Khursheed Nowrojee Jeejeebhoy  (born August 26, 1935) was a gastroenterologist at the Toronto General Hospital, St. Michael's Hospital, Unity Health Toronto and professor of medicine, nutrition and physiology at the University of Toronto, best known for his pioneering work in the development of parenteral nutrition.

Biography
Jeejeebhoy was born in Rangoon, Burma on August 26, 1935, to Nowrojee Jeejeebhoy and Gulbanoo Nowrojee (Tarapore) Jeejeebhoy. The family was evacuated to India by air in a DC-3 ahead of advancing Japanese forces during the Japanese invasion of Burma. His father joined the army, and his maternal grandfather Pheroze Khurshetjee Tarapore was recalled to service after he had retired as an officer in the Indian Medical Service.

Due to World War II and his family's flight to India as refugees, Jeejeebhoy's schooling was initially very checkered.

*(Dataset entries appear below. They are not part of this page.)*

(* Let $(G,N,\theta)_{\mathcal H}$ and $(H,M,\varphi)_{\mathcal H}$ be $\mathcal H$-triples with $H\le G$ satisfying: (i) $G=NH$, $N\cap H=M$, $\mathbf C_G(N)\subseteq H$; and (ii) $(H\times\mathcal H)_\theta=(H\times\mathcal H)_\varphi$. Write $A=(H\times\mathcal H)_\theta$. Let $\mathcal P$ and $\mathcal P'$ be projective representations of $G_\theta$ and $H_\varphi$ associated with $\theta$ and $\varphi$ respectively, with entries in $\mathbb Q^{\mathrm{ab}}$, whose factor sets $\alpha,\alpha'$ take root-of-unity values, with $\alpha$ and $\alpha'$ equal on $H_\theta\times H_\theta$, and such that for each $c\in\mathbf C_G(N)$ the scalar matrices $\mathcal P(c)$ and $\mathcal P'(c)$ correspond to the same scalar. Then the condition "$\mu_a$ and $\mu'_a$ agree on $H_\theta$" holds for every $a\in A$ if and only if it holds for every $a$ in some complete set of representatives of the cosets of $H_\theta$ (identified with $H_\theta\times\{1\}$) in $A$.
   Context: All groups are finite; $p$ is a fixed prime. $\mathbb Q^{\mathrm{ab}}\subseteq\mathbb C$ is generated by all roots of unity, $\mathcal G=\mathrm{Gal}(\mathbb Q^{\mathrm{ab}}/\mathbb Q)$, $\mathcal H\le\mathcal G$ consists of those $\sigma$ for which there is an integer $f$ with $\sigma(\xi)=\xi^{p^f}$ for all roots of unity $\xi$ of order prime to $p$. For $N\trianglelefteq G$, $\theta\in\mathrm{Irr}(N)$, $g\in G$, $\sigma\in\mathcal G$: $\theta^{g\sigma}(n)=\sigma(\theta(gng^{-1}))$; $(H\times\mathcal H)_\theta$ is the stabilizer; $\theta^{\mathcal H}$ the $\mathcal H$-orbit; $G_{\theta^{\mathcal H}}=\{g:\theta^g\in\theta^{\mathcal H}\}$. $(G,N,\theta)_{\mathcal H}$ is an $\mathcal H$-triple if $N\trianglelefteq G$, $\theta\in\mathrm{Irr}(N)$, $G_{\theta^{\mathcal H}}=G$. Projective representation $\mathcal P$ with factor set $\alpha$: $\mathcal P(x)\mathcal P(y)=\alpha(x,y)\mathcal P(xy)$. For $G$-invariant $\theta$, $\mathcal P$ is associated with $\theta$ if $\mathcal P_N$ affords $\theta$ and $\mathcal P(ng)=\mathcal P(n)\mathcal P(g)$, $\mathcal P(gn)=\mathcal P(g)\mathcal P(n)$. For $a=(x,\sigma)$ with $\theta^{x\sigma}=\theta$, $\mathcal P^{a}(y)=\sigma(\mathcal P(xyx^{-1}))$ (entrywise), and $\mu_a:G_\theta\to\mathbb C^\times$ is the unique function, constant on $N$-cosets, $\mu_a(1)=1$, such that $\mathcal P^a(y)=\mu_a(y)L^{-1}\mathcal P(y)L$ for all $y$ and some invertible $L$; $\mu'_a:H_\varphi\to\mathbb C^\times$ is defined in the same way from $\mathcal P'$ and $\varphi$. *)

theory Defs
  imports "HOL-Algebra.Algebra" "Jordan_Normal_Form.Matrix"
begin

definition root_of_unity :: "complex \<Rightarrow> bool" where
  "root_of_unity z \<longleftrightarrow> (\<exists>n::nat. n > 0 \<and> z ^ n = 1)"

definition is_subfield :: "complex set \<Rightarrow> bool" where
  "is_subfield K \<longleftrightarrow> 0 \<in> K \<and> 1 \<in> K \<and> (\<forall>x\<in>K. \<forall>y\<in>K. x + y \<in> K \<and> x * y \<in> K)
     \<and> (\<forall>x\<in>K. - x \<in> K \<and> inverse x \<in> K)"

definition Qab :: "complex set" where
  "Qab = \<Inter>{K. is_subfield K \<and> {z. root_of_unity z} \<subseteq> K}"

text \<open>The Galois group Gal(Q^ab/Q): field automorphisms of Q^ab (they fix Q automatically),
  normalised to be the identity outside Q^ab.\<close>
definition Gal_ab :: "(complex \<Rightarrow> complex) set" where
  "Gal_ab = {\<sigma>. bij_betw \<sigma> Qab Qab \<and> (\<forall>x\<in>Qab. \<forall>y\<in>Qab. \<sigma> (x + y) = \<sigma> x + \<sigma> y \<and> \<sigma> (x * y) = \<sigma> x * \<sigma> y)
        \<and> (\<forall>z. z \<notin> Qab \<longrightarrow> \<sigma> z = z)}"

text \<open>The subgroup \<H>: there is an integer f with \<sigma>(\<xi>) = \<xi>^(p^f) for all roots of unity \<xi>
  of order prime to p (for f < 0, \<xi>^(p^f) means the unique \<eta> of order prime to p
  with \<eta>^(p^(-f)) = \<xi>).\<close>
definition Hgal :: "nat \<Rightarrow> (complex \<Rightarrow> complex) set" where
  "Hgal p = {\<sigma>\<in>Gal_ab. \<exists>f::int. \<forall>\<xi>. \<forall>n::nat. n > 0 \<and> coprime n p \<and> \<xi> ^ n = 1 \<longrightarrow>
      (if f \<ge> 0 then \<sigma> \<xi> = \<xi> ^ (p ^ nat f) else (\<sigma> \<xi>) ^ (p ^ nat (- f)) = \<xi>)}"

definition mtrace :: "complex mat \<Rightarrow> complex" where
  "mtrace A = (\<Sum>i<dim_row A. A $$ (i, i))"

definition is_rep :: "('g, 'b) monoid_scheme \<Rightarrow> 'g set \<Rightarrow> nat \<Rightarrow> ('g \<Rightarrow> complex mat) \<Rightarrow> bool" where
  "is_rep G N n \<rho> \<longleftrightarrow> (\<forall>x\<in>N. \<rho> x \<in> carrier_mat n n) \<and> \<rho> \<one>\<^bsub>G\<^esub> = 1\<^sub>m n
     \<and> (\<forall>x\<in>N. \<forall>y\<in>N. \<rho> (x \<otimes>\<^bsub>G\<^esub> y) = \<rho> x * \<rho> y)"

definition is_cvsubspace :: "nat \<Rightarrow> complex vec set \<Rightarrow> bool" where
  "is_cvsubspace n W \<longleftrightarrow> W \<subseteq> carrier_vec n \<and> 0\<^sub>v n \<in> W
     \<and> (\<forall>v\<in>W. \<forall>w\<in>W. v + w \<in> W) \<and> (\<forall>c. \<forall>v\<in>W. c \<cdot>\<^sub>v v \<in> W)"

definition irr_rep :: "('g, 'b) monoid_scheme \<Rightarrow> 'g set \<Rightarrow> nat \<Rightarrow> ('g \<Rightarrow> complex mat) \<Rightarrow> bool" where
  "irr_rep G N n \<rho> \<longleftrightarrow> n > 0 \<and> is_rep G N n \<rho> \<and>
     (\<forall>W. is_cvsubspace n W \<and> (\<forall>x\<in>N. \<forall>w\<in>W. \<rho> x *\<^sub>v w \<in> W) \<longrightarrow> W = {0\<^sub>v n} \<or> W = carrier_vec n)"

text \<open>\<theta> \<in> Irr(N) (values only relevant on N).\<close>
definition irr_char :: "('g, 'b) monoid_scheme \<Rightarrow> 'g set \<Rightarrow> ('g \<Rightarrow> complex) \<Rightarrow> bool" where
  "irr_char G N \<theta> \<longleftrightarrow> (\<exists>n \<rho>. irr_rep G N n \<rho> \<and> (\<forall>x\<in>N. \<theta> x = mtrace (\<rho> x)))"

definition char_act :: "('g, 'b) monoid_scheme \<Rightarrow> ('g \<Rightarrow> complex) \<Rightarrow> 'g \<Rightarrow> (complex \<Rightarrow> complex) \<Rightarrow> 'g \<Rightarrow> complex" where
  "char_act G \<theta> g \<sigma> = (\<lambda>n. \<sigma> (\<theta> (g \<otimes>\<^bsub>G\<^esub> n \<otimes>\<^bsub>G\<^esub> inv\<^bsub>G\<^esub> g)))"

definition fixes_char :: "('g, 'b) monoid_scheme \<Rightarrow> 'g set \<Rightarrow> ('g \<Rightarrow> complex) \<Rightarrow> 'g \<Rightarrow> (complex \<Rightarrow> complex) \<Rightarrow> bool" where
  "fixes_char G N \<theta> g \<sigma> \<longleftrightarrow> (\<forall>n\<in>N. char_act G \<theta> g \<sigma> n = \<theta> n)"

definition stab_pair :: "nat \<Rightarrow> ('g, 'b) monoid_scheme \<Rightarrow> 'g set \<Rightarrow> 'g set \<Rightarrow> ('g \<Rightarrow> complex) \<Rightarrow> ('g \<times> (complex \<Rightarrow> complex)) set" where
  "stab_pair p G H N \<theta> = {(x, \<sigma>). x \<in> H \<and> \<sigma> \<in> Hgal p \<and> fixes_char G N \<theta> x \<sigma>}"

definition stab :: "('g, 'b) monoid_scheme \<Rightarrow> 'g set \<Rightarrow> 'g set \<Rightarrow> ('g \<Rightarrow> complex) \<Rightarrow> 'g set" where
  "stab G H N \<theta> = {x \<in> H. fixes_char G N \<theta> x id}"

definition stab_orbit :: "nat \<Rightarrow> ('g, 'b) monoid_scheme \<Rightarrow> 'g set \<Rightarrow> 'g set \<Rightarrow> ('g \<Rightarrow> complex) \<Rightarrow> 'g set" where
  "stab_orbit p G H N \<theta> = {g \<in> H. \<exists>\<sigma>\<in>Hgal p. \<forall>n\<in>N. char_act G \<theta> g id n = \<sigma> (\<theta> n)}"

definition H_triple :: "nat \<Rightarrow> ('g, 'b) monoid_scheme \<Rightarrow> 'g set \<Rightarrow> 'g set \<Rightarrow> ('g \<Rightarrow> complex) \<Rightarrow> bool" where
  "H_triple p G H N \<theta> \<longleftrightarrow> subgroup H G \<and> N \<lhd> (G\<lparr>carrier := H\<rparr>) \<and> irr_char G N \<theta>
      \<and> stab_orbit p G H N \<theta> = H"

definition centralizer_in :: "('g, 'b) monoid_scheme \<Rightarrow> 'g set \<Rightarrow> 'g set" where
  "centralizer_in G N = {g \<in> carrier G. \<forall>n\<in>N. g \<otimes>\<^bsub>G\<^esub> n = n \<otimes>\<^bsub>G\<^esub> g}"

definition proj_rep :: "('g, 'b) monoid_scheme \<Rightarrow> 'g set \<Rightarrow> nat \<Rightarrow> ('g \<Rightarrow> complex mat) \<Rightarrow> ('g \<Rightarrow> 'g \<Rightarrow> complex) \<Rightarrow> bool" where
  "proj_rep G S d P \<alpha> \<longleftrightarrow> (\<forall>x\<in>S. P x \<in> carrier_mat d d \<and> invertible_mat (P x))
     \<and> (\<forall>x\<in>S. \<forall>y\<in>S. P x * P y = \<alpha> x y \<cdot>\<^sub>m P (x \<otimes>\<^bsub>G\<^esub> y))"

definition assoc_proj :: "('g, 'b) monoid_scheme \<Rightarrow> 'g set \<Rightarrow> 'g set \<Rightarrow> ('g \<Rightarrow> complex) \<Rightarrow> nat \<Rightarrow> ('g \<Rightarrow> complex mat) \<Rightarrow> bool" where
  "assoc_proj G S N \<theta> d P \<longleftrightarrow> is_rep G N d P \<and> (\<forall>n\<in>N. mtrace (P n) = \<theta> n)
     \<and> (\<forall>n\<in>N. \<forall>g\<in>S. P (n \<otimes>\<^bsub>G\<^esub> g) = P n * P g \<and> P (g \<otimes>\<^bsub>G\<^esub> n) = P g * P n)"

definition mu_cond :: "('g, 'b) monoid_scheme \<Rightarrow> 'g set \<Rightarrow> 'g set \<Rightarrow> nat \<Rightarrow> ('g \<Rightarrow> complex mat)
     \<Rightarrow> 'g \<times> (complex \<Rightarrow> complex) \<Rightarrow> ('g \<Rightarrow> complex) \<Rightarrow> bool" where
  "mu_cond G S N d P a \<mu> \<longleftrightarrow> \<mu> \<in> extensional S \<and> (\<forall>y\<in>S. \<mu> y \<noteq> 0) \<and> \<mu> \<one>\<^bsub>G\<^esub> = 1
     \<and> (\<forall>y\<in>S. \<forall>n\<in>N. \<mu> (n \<otimes>\<^bsub>G\<^esub> y) = \<mu> y)
     \<and> (\<exists>L Linv. L \<in> carrier_mat d d \<and> Linv \<in> carrier_mat d d \<and> L * Linv = 1\<^sub>m d \<and> Linv * L = 1\<^sub>m d
          \<and> (\<forall>y\<in>S. map_mat (snd a) (P (fst a \<otimes>\<^bsub>G\<^esub> y \<otimes>\<^bsub>G\<^esub> inv\<^bsub>G\<^esub> (fst a)))
                     = \<mu> y \<cdot>\<^sub>m (Linv * P y * L)))"

definition mu :: "('g, 'b) monoid_scheme \<Rightarrow> 'g set \<Rightarrow> 'g set \<Rightarrow> nat \<Rightarrow> ('g \<Rightarrow> complex mat)
     \<Rightarrow> 'g \<times> (complex \<Rightarrow> complex) \<Rightarrow> 'g \<Rightarrow> complex" where
  "mu G S N d P a = (THE \<mu>. mu_cond G S N d P a \<mu>)"

text \<open>T is a complete set of representatives of the (right) cosets of H_\<theta> \<times> {1} in A.\<close>
definition coset_transversal :: "('g, 'b) monoid_scheme \<Rightarrow> 'g set \<Rightarrow> ('g \<times> (complex \<Rightarrow> complex)) set
     \<Rightarrow> ('g \<times> (complex \<Rightarrow> complex)) set \<Rightarrow> bool" where
  "coset_transversal G K A T \<longleftrightarrow> T \<subseteq> A \<and>
     (\<forall>a\<in>A. \<exists>!t. t \<in> T \<and> (\<exists>h\<in>K. a = (h \<otimes>\<^bsub>G\<^esub> fst t, snd t)))"

end

theory Submission
  imports Defs "Jordan_Normal_Form.Spectral_Radius"
begin

(*
  For a = (x, \<sigma>) the matrices y \<mapsto> \<sigma>(P(x y x\<inverse>)) form again a projective representation
  of G_\<theta>, and since \<theta> is fixed by (x, \<sigma>) their restriction to N has the same character as
  that of P. The restriction of P to N is irreducible, so by Schur's lemma the two projective
  representations are similar up to a scalar function, and this function is the unique \<mu>_a.
  Conjugating by P(k) for k in H_\<theta> gives
    \<mu>_(k x, \<sigma>)(y) = \<mu>_(x, \<sigma>)(y) \<sigma>(c(k, x y x\<inverse>)),   c(k, z) = \<alpha>(k, k\<inverse>) / (\<alpha>(k, z) \<alpha>(k z, k\<inverse>)),
  and c only involves values of \<alpha> on H_\<theta>, where \<alpha> = \<alpha>'. Hence \<mu> and \<mu>' obey the same rule,
  so whether \<mu>_a and \<mu>'_a agree on H_\<theta> only depends on the coset H_\<theta> a, and a transversal
  suffices.
*)

lemma smult_smult_mat [simp]: "a \<cdot>\<^sub>m (b \<cdot>\<^sub>m A) = (a * b :: 'a :: semigroup_mult) \<cdot>\<^sub>m A"
  by (rule eq_matI) (auto simp: mult.assoc)

lemma one_smult_mat [simp]: "(1 :: 'a :: monoid_mult) \<cdot>\<^sub>m A = A"
  by (rule eq_matI) auto

lemma zero_smult_mat: "A \<in> carrier_mat n m \<Longrightarrow> (0 :: 'a :: semiring_0) \<cdot>\<^sub>m A = 0\<^sub>m n m"
  by (rule eq_matI) auto

lemma smult_one_mat_mult: "A \<in> carrier_mat n m \<Longrightarrow> (c \<cdot>\<^sub>m 1\<^sub>m n) * A = (c :: 'a :: comm_ring_1) \<cdot>\<^sub>m A"
  by (simp add: mult_smult_assoc_mat[of _ n n])

lemma mult_smult_one_mat: "A \<in> carrier_mat m n \<Longrightarrow> A * (c \<cdot>\<^sub>m 1\<^sub>m n) = (c :: 'a :: comm_ring_1) \<cdot>\<^sub>m A"
  using mult_smult_distrib[of A m n "1\<^sub>m n" n c] by simp

lemma mult_inverse_cancel_left:
  "A * B = 1\<^sub>m n \<Longrightarrow> A \<in> carrier_mat n n \<Longrightarrow> B \<in> carrier_mat n n \<Longrightarrow> W \<in> carrier_mat n m \<Longrightarrow>
   A * (B * W) = (W :: 'a :: semiring_1 mat)"
  using assoc_mult_mat[of A n n B n W m] by simp

lemma smult_mat_cancel:
  assumes A: "A \<in> carrier_mat n m" and nz: "A \<noteq> 0\<^sub>m n m" and eq: "a \<cdot>\<^sub>m A = (b :: 'a :: idom) \<cdot>\<^sub>m A"
  shows "a = b"
proof -
  obtain i j where ij: "i < n" "j < m" "A $$ (i, j) \<noteq> 0"
  proof (rule ccontr)
    assume "\<not> thesis"
    with that have "A = 0\<^sub>m n m" using A by (intro eq_matI) auto
    with nz show False ..
  qed
  have "a * A $$ (i, j) = b * A $$ (i, j)"
    using arg_cong[OF eq, of "\<lambda>B. B $$ (i, j)"] ij A by simp
  thus ?thesis using ij by simp
qed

After his family fled to India, they lived a nomadic life and whether or not he attended school depended on where his father was stationed. However, his maternal grandmother Rattan Tarapore, a medical doctor trained at JJ Hospital Medical School, home schooled him. At age 15 he entered Nirmala College in Delhi and studied economics and political science. At age 17, upon hearing of the excellence of Christian Medical College Vellore he applied for one of the ten spots available to students not sponsored by a Christian Mission. Entrance was by competitive written exam and interview. He was the first one called to fill one of the ten spots. He convocated in February 1959, capturing nine of ten gold medals.

His graduate medical training was in London.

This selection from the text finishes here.